Advanced Techniques

CHAPTER 41 Advanced Techniques



PART A Arthroscopic Management of Lateral Epicondylitis




INTRODUCTION


Lateral epicondylitis, or tennis elbow, is the most common affliction of the elbow.


The origin of the extensor carpi radialis brevis (ECRB) has been implicated as the source of pathology in this condition.2,5,710,1316,18 Reported histopathologic findings in the affected tendon origin include vascular proliferation and hyaline degeneration, which are consistent with a chronic, degenerative process.10,14,18,20 Most commonly, surgical treatment is directed at excision of this pathologic tissue through an open approach or more recently arthroscopic methods.1,3,5,6,11,15,17,19,21,22


This chapter covers the anatomy of the extensor tendon origins at the humeral epicondyle based on anatomic dissections.4 The location of the ECRB tendon origin is defined relative to intra-articular landmarks. Using these data, a technique for arthroscopic lateral epicondylitis surgery is presented with early clinical results.



ANATOMY


The extensor carpi radialis longus (ECRL) and the ECRB have a unique relationship at the level of the elbow. The ECRL overlies the proximal portion of the ECRB such that the ECRL must be elevated anteriorly in order to visualize the superficial surface of the ECRB. A thin film of areolar connective tissue separates these two structures.


The origin of the ECRL is entirely muscular along the lateral supracondylar ridge of the humerus (Fig. 41-1). The muscle origin has a triangular configuration, with the apex pointing proximally. In contrast, the origin of the ECRB is entirely tendinous. Although it blends with the origin of the extensor digitorum communis (EDC), when dissected from a distal to proximal direction and using the tendon undersurface, it can be separated from the EDC back to the humerus (Fig. 41-2). The anatomic origin of the ECRB is located just beneath the distal most tip of the lateral supracondylar ridge (Fig. 41-3). The footprint is diamond shaped, measuring approximately 13 by 7 mm (Fig. 41-4). At the level of the radiocapitellar joint, the ECRB is intimate with the underlying anterior capsule of the elbow joint, but it is easily separable at this level.4






In an effort to develop a strategy for arthroscopic identification and release of the tendon origins, we performed a cadaveric study. The ECRB was identified at the level of the radiocapitellar joint by first separating the ECRL anteriorly from the extensor aponeurosis posteriorly (Fig. 41-5). The EDC origin was then dissected from anterior to posterior to expose the underlying ECRB tendon. The anterior and posterior borders of the ECRB were marked with intra-articular 18-gauge needles, and the ECRL/EDC interval and the skin were repaired (Fig. 41-5).

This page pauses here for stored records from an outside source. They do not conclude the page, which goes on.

lemma rp_tux_game:
  assumes "tux_game N w" "i \<in> N"
  shows "tux_game (N - {i}) (rp p N w i)"
proof -
  have "w {} (add_to i B \<pi>) = 0" if "partition_on (N - {i}) \<pi>" "B \<in> insert {} \<pi>" for \<pi> B
    using partition_on_add_to[OF that(1) _ that(2)] assms insert_Diff[of i N]
    unfolding tux_game_def by force
  then show ?thesis
    unfolding tux_game_def rp_def by simp
qed

lemma rp_preserves_null: "preserves_null U (rp p)"
  by (simp add: preserves_null_def rp_def)

lemma rp_twice:
  assumes "finite N" "N \<subseteq> U" "positive_rp U p" "S \<noteq> {}" "emb (N - {i} - {j}) S \<pi>"
    and "i \<in> N" "j \<in> N" "i \<noteq> j"
  shows "p (N - {i} - {j}) (insert S \<pi>) * rp p (N - {i}) (rp p N w i) j S \<pi>
       = real (card N - 1) / (real (card N - 1) - real (card S)) * (real (card N) / (real (card N) - real (card S)))
         * Ep_coalition p N S (\<lambda>\<rho>. of_bool (drop_player j (drop_player i \<rho>) = \<pi>) * w S \<rho>)"
proof -
  have S: "S \<subseteq> N - {i} - {j}" and \<pi>: "partition_on (N - {i} - {j} - S) \<pi>"
    using assms(5) by (auto simp: emb_def)
  then have "N - {i} \<subseteq> U" "S \<subseteq> N - {i}" "j \<notin> S"
    using assms(2) by blast+
  have "p (N - {i} - {j}) (insert S \<pi>) * rp p (N - {i}) (rp p N w i) j S \<pi>
      = Ep_coalition p (N - {i} - {j}) S (\<lambda>\<sigma>. of_bool (\<sigma> = \<pi>) * rp p (N - {i}) (rp p N w i) j S \<sigma>)"
    using Ep_coalition_indicator[OF _ \<pi>] assms(1) by simp
  also have "\<dots> = real (card N - 1) / (real (card N - 1) - real (card S))
      * Ep_coalition p (N - {i}) S (\<lambda>\<tau>. of_bool (drop_player j \<tau> = \<pi>) * rp p N w i S \<tau>)"
    using Ep_coalition_rp[of "N - {i}" U p S j "\<lambda>\<sigma>. of_bool (\<sigma> = \<pi>)" "rp p N w i"]
      assms \<open>N - {i} \<subseteq> U\<close> \<open>S \<subseteq> N - {i}\<close> \<open>j \<notin> S\<close>
    by (simp add: card_Diff_singleton)
  also have "Ep_coalition p (N - {i}) S (\<lambda>\<tau>. of_bool (drop_player j \<tau> = \<pi>) * rp p N w i S \<tau>)
      = real (card N) / (real (card N) - real (card S))
        * Ep_coalition p N S (\<lambda>\<rho>. of_bool (drop_player j (drop_player i \<rho>) = \<pi>) * w S \<rho>)"
    using Ep_coalition_rp[of N U p S i "\<lambda>\<tau>. of_bool (drop_player j \<tau> = \<pi>)"] assms S by auto
  finally show ?thesis
    by (simp only: mult.assoc)
qed

lemma rp_path_independent:
  assumes "finite N" "positive_rp U p" "N \<subseteq> U" "tux_game N w" "i \<in> N" "j \<in> N" "i \<noteq> j"
    and "emb (N - {i} - {j}) S \<pi>"
  shows "rp p (N - {i}) (rp p N w i) j S \<pi> = rp p (N - {j}) (rp p N w j) i S \<pi>"
proof -
  have swap: "N - {j} - {i} = N - {i} - {j}"
    by blast
  have \<pi>: "partition_on (N - {i} - {j} - S) \<pi>" "S \<subseteq> N - {i} - {j}"
    using assms(8) by (auto simp: emb_def)
  show ?thesis
  proof (cases "S = {}")
    case True
    have "j \<in> N - {i}" "i \<in> N - {j}"
      using assms(5-7) by auto
    then have "tux_game (N - {i} - {j}) (rp p (N - {i}) (rp p N w i) j)"
      "tux_game (N - {j} - {i}) (rp p (N - {j}) (rp p N w j) i)"
      using rp_tux_game[OF rp_tux_game[OF assms(4,5)]] rp_tux_game[OF rp_tux_game[OF assms(4,6)]]
      by blast+
    then show ?thesis
      using True \<pi> unfolding swap by (simp add: tux_game_def)
  next
    case False
    have "p (N - {i} - {j}) (insert S \<pi>) * rp p (N - {i}) (rp p N w i) j S \<pi>
        = p (N - {i} - {j}) (insert S \<pi>) * rp p (N - {j}) (rp p N w j) i S \<pi>"
      using rp_twice[OF assms(1,3,2) False assms(8,5,6,7)]
        rp_twice[OF assms(1,3,2) False _ assms(6,5) assms(7)[symmetric], of \<pi> w]
      by (simp add: swap assms(8) drop_player_commute mult.commute)
    moreover have "N - {i} - {j} \<subseteq> U"
      using assms(3) by blast
    then have "p (N - {i} - {j}) (insert S \<pi>) > 0"
      using positive_rpD[OF assms(2)] partition_on_insert_block[OF False \<pi>(2,1)] by blast
    ultimately show ?thesis
      by simp
  qed
qed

The specimens were then mounted, and elbow arthroscopy was performed. Based on pilot studies, a modified lateral portal was established from an inside-out technique. This portal was made several millimeters proximal and anterior to the top of the humeral capitellum. Using a monopolar thermal device (Arthrocare, Austin, TX), the tissue between the two needles was released from the humerus, taking care to use the previously determined intra-articular landmarks for the ECRB origin. The joint capsule was first ablated to expose the undersurface of the ECRB tendon. Above the anterior needle, the muscular origin of the ECRL was identified. The ECRB tendon was then released from its humeral origin and allowed to retract distally. Care was taken to release all the tissue located between the two needles and dissect down to the midline of the radiocapitellar joint as visualized arthroscopically.


The specimens were then removed from the mounting device and individually dissected. The ECRL/EDC interval was opened, and the origin of the ECRB was evaluated to document complete release. The elbow capsule was identified beneath this plane at the joint level. The origin of the lateral collateral ligament was then exposed by reflecting the remaining extensor tendon origin posteriorly. In addition, the posterior interosseous nerve (PIN) was dissected out to document that it was not compromised by the arthroscopic release procedure.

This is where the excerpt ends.